Record extracts:
####

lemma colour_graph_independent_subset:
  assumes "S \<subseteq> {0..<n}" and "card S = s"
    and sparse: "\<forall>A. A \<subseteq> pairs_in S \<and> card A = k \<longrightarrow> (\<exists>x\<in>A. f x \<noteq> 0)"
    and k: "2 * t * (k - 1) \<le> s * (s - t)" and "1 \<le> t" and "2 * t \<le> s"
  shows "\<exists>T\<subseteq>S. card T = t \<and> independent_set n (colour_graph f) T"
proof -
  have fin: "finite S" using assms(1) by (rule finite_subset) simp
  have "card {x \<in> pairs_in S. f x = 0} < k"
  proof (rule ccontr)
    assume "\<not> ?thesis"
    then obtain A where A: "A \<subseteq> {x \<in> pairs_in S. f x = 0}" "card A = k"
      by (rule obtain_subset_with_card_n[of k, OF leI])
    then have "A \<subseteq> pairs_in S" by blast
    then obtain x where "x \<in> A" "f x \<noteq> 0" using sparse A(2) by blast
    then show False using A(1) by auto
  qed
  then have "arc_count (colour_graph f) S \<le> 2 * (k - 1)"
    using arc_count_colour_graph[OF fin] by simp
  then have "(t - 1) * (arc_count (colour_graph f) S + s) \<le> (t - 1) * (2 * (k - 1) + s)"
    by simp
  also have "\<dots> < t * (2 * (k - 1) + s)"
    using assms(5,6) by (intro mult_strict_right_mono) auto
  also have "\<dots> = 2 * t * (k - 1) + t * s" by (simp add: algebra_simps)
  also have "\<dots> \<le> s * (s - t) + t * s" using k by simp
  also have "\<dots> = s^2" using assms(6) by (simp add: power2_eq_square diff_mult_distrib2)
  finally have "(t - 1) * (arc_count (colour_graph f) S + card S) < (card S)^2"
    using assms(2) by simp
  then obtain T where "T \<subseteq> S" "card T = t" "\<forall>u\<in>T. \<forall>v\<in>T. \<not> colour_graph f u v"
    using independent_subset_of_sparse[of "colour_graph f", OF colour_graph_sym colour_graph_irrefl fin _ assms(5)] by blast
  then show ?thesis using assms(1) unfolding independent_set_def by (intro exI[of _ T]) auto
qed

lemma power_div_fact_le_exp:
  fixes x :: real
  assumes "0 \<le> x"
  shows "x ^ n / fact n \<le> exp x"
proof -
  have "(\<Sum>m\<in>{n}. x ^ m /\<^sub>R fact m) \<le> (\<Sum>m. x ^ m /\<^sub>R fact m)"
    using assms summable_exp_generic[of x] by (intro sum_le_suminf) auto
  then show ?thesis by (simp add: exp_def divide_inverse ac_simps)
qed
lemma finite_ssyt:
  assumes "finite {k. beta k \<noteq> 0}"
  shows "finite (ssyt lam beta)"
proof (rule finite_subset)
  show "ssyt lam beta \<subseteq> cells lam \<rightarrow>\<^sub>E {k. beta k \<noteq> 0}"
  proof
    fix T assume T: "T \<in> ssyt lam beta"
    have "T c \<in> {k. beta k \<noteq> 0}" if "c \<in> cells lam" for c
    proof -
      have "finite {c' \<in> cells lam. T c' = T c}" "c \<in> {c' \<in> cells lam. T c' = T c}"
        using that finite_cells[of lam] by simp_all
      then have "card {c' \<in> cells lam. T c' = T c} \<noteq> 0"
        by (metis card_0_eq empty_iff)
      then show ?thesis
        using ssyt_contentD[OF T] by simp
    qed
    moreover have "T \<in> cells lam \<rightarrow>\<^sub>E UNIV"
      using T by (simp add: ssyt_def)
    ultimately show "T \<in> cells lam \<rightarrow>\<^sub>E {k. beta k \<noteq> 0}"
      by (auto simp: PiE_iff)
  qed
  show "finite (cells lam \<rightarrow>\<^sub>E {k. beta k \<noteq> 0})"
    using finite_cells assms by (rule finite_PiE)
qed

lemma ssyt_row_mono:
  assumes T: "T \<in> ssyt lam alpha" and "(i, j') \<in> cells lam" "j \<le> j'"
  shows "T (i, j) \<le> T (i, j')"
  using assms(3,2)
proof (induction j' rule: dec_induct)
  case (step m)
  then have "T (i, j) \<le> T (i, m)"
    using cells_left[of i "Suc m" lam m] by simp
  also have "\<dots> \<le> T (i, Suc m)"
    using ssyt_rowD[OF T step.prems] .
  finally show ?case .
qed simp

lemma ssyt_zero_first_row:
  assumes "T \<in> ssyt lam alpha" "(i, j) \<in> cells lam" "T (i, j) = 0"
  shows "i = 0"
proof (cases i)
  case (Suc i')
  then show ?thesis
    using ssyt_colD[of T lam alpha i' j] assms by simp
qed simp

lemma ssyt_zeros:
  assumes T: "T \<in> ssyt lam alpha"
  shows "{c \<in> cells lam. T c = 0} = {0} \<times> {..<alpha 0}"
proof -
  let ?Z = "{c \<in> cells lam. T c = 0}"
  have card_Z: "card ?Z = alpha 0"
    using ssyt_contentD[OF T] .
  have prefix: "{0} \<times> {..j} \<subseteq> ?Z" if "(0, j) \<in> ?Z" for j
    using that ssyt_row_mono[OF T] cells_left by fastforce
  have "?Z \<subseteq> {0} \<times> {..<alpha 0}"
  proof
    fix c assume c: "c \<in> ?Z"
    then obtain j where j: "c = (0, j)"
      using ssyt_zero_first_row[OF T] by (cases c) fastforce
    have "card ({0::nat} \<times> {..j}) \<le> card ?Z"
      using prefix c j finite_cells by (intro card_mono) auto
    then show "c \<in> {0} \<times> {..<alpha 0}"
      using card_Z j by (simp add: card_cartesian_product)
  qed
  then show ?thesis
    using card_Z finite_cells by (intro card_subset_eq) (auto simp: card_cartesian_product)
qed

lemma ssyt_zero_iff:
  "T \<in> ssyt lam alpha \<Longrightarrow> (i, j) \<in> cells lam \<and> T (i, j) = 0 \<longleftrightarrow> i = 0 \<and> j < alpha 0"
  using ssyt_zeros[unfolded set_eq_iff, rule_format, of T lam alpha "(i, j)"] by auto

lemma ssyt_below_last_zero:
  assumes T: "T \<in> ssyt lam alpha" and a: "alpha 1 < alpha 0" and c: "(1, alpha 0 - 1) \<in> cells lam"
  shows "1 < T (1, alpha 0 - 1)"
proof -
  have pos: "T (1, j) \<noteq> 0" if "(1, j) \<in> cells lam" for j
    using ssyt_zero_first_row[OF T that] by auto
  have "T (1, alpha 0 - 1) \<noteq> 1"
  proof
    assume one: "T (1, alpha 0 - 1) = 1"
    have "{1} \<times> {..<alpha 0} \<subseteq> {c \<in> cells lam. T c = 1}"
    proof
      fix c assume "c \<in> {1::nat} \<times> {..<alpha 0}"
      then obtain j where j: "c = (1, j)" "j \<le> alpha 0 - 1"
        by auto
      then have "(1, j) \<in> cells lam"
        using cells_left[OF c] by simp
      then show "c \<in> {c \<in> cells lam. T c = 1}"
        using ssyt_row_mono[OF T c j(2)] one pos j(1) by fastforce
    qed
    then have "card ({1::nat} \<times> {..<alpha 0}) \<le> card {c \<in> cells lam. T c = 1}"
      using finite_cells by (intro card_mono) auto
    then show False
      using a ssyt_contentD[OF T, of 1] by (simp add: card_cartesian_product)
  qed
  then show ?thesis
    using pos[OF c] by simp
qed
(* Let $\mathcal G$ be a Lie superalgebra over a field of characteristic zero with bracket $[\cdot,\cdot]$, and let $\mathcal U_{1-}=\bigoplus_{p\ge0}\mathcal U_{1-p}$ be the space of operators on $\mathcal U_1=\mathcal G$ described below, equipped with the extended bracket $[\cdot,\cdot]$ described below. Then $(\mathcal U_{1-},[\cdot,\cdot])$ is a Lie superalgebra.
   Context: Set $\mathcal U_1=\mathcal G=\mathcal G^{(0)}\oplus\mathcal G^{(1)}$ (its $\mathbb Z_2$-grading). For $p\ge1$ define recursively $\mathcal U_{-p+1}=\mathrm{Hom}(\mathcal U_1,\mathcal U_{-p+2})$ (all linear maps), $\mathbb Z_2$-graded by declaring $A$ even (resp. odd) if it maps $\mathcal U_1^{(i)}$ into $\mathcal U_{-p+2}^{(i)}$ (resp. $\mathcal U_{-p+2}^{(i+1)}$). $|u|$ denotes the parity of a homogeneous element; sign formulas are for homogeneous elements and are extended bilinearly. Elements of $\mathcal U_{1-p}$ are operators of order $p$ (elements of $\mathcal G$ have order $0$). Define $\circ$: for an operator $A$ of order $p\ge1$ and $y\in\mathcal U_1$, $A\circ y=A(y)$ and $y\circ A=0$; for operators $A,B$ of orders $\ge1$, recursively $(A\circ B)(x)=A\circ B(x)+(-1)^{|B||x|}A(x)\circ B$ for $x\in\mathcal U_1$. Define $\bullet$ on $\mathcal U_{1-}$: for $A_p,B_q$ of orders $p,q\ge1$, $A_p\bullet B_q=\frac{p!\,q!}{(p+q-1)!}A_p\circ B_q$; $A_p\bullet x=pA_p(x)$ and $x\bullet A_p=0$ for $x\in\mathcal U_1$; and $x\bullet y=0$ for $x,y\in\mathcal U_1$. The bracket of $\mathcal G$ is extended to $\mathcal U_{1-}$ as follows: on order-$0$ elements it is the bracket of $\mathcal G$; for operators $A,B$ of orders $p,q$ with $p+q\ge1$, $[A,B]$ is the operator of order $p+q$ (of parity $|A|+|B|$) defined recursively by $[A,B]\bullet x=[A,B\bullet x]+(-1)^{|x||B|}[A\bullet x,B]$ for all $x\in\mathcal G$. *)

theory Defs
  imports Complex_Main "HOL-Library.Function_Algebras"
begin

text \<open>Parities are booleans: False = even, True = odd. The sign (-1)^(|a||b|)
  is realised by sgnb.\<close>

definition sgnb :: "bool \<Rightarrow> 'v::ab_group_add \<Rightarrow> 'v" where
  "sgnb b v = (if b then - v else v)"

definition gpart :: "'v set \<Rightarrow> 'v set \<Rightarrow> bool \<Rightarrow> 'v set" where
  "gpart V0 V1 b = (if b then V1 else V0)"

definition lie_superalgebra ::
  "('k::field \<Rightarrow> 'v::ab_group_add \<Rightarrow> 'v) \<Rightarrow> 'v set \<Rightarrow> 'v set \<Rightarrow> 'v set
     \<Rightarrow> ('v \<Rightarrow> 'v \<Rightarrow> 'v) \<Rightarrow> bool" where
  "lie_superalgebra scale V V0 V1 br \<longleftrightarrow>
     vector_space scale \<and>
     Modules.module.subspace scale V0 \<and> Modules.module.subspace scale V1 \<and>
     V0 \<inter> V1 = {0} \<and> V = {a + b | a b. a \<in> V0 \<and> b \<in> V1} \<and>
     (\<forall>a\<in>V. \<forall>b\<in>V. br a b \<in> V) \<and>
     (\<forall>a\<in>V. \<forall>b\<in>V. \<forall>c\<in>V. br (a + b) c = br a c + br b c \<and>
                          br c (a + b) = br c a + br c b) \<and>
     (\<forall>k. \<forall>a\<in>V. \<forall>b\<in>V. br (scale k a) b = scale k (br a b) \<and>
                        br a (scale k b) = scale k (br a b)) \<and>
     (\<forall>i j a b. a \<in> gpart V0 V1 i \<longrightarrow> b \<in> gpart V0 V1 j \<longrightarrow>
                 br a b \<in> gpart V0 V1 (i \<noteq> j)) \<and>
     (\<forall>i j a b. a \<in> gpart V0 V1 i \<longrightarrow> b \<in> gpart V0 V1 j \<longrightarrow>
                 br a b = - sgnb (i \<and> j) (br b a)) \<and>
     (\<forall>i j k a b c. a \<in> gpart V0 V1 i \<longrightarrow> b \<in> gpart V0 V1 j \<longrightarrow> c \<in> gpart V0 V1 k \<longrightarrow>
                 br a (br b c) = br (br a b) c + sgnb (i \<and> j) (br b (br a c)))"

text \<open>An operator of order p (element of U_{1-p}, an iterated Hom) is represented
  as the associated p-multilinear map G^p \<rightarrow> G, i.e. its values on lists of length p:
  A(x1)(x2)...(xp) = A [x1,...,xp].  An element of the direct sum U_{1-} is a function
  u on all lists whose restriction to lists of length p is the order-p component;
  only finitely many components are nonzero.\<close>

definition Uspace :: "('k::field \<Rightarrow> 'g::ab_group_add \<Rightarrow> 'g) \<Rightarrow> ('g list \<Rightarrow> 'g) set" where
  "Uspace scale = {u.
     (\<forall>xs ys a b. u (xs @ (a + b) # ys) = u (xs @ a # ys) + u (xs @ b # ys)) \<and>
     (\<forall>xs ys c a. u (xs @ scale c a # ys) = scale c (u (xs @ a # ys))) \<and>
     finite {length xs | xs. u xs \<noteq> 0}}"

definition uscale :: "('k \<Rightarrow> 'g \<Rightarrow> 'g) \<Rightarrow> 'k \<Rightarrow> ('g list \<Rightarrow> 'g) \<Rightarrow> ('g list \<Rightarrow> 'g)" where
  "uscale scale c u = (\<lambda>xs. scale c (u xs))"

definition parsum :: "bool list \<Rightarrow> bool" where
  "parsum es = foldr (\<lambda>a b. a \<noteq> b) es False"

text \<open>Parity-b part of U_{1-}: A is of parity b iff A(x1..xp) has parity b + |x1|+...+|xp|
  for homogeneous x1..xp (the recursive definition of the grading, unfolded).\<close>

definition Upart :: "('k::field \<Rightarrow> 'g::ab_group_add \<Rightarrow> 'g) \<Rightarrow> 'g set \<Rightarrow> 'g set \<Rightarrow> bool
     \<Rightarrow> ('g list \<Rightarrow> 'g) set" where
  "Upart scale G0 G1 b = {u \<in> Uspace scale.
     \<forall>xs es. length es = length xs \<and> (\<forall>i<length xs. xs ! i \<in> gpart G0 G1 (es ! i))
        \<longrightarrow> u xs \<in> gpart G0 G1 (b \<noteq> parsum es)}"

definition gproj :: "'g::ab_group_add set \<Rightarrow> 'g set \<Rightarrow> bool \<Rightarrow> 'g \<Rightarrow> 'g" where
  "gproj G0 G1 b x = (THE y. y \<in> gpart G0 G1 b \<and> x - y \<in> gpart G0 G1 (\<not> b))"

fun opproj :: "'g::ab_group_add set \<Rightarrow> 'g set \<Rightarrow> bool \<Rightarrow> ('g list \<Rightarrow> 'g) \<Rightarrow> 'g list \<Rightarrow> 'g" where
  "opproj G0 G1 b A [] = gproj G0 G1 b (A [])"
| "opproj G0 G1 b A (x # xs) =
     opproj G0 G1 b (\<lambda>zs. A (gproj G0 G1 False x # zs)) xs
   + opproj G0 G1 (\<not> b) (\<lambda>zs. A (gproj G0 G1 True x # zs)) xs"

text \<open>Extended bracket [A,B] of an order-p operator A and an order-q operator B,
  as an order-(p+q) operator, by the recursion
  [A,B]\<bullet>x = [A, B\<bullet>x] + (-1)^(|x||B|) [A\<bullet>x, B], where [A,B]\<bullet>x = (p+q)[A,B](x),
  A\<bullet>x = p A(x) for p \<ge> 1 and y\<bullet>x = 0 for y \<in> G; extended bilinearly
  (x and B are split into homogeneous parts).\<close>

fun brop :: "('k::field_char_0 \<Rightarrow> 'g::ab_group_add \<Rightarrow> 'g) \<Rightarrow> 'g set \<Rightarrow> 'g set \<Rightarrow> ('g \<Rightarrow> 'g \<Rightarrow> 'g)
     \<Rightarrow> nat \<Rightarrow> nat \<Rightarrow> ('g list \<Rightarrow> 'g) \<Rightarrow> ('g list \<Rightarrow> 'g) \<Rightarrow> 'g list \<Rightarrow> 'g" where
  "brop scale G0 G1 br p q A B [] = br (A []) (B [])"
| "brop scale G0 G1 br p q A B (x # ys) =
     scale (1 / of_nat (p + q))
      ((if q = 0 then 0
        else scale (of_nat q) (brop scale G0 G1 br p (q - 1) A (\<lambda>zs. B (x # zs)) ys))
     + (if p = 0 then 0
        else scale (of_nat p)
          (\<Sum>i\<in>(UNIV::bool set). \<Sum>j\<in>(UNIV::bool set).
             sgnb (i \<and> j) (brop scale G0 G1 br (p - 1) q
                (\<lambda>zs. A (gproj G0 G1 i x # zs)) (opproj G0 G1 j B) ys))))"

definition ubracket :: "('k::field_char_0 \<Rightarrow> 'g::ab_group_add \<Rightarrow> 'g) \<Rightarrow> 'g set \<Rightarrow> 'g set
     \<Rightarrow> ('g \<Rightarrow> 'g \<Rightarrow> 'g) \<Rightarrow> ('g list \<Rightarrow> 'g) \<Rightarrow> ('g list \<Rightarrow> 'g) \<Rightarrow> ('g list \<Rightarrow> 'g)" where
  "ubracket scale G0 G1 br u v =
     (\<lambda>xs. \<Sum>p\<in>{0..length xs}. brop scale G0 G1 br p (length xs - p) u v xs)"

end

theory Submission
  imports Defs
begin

####

Work request: Scan the records above for the string "cases", then report every line that contains it.

Solved problem:
proof (cases i)
      using ssyt_zero_first_row[OF T] by (cases c) fastforce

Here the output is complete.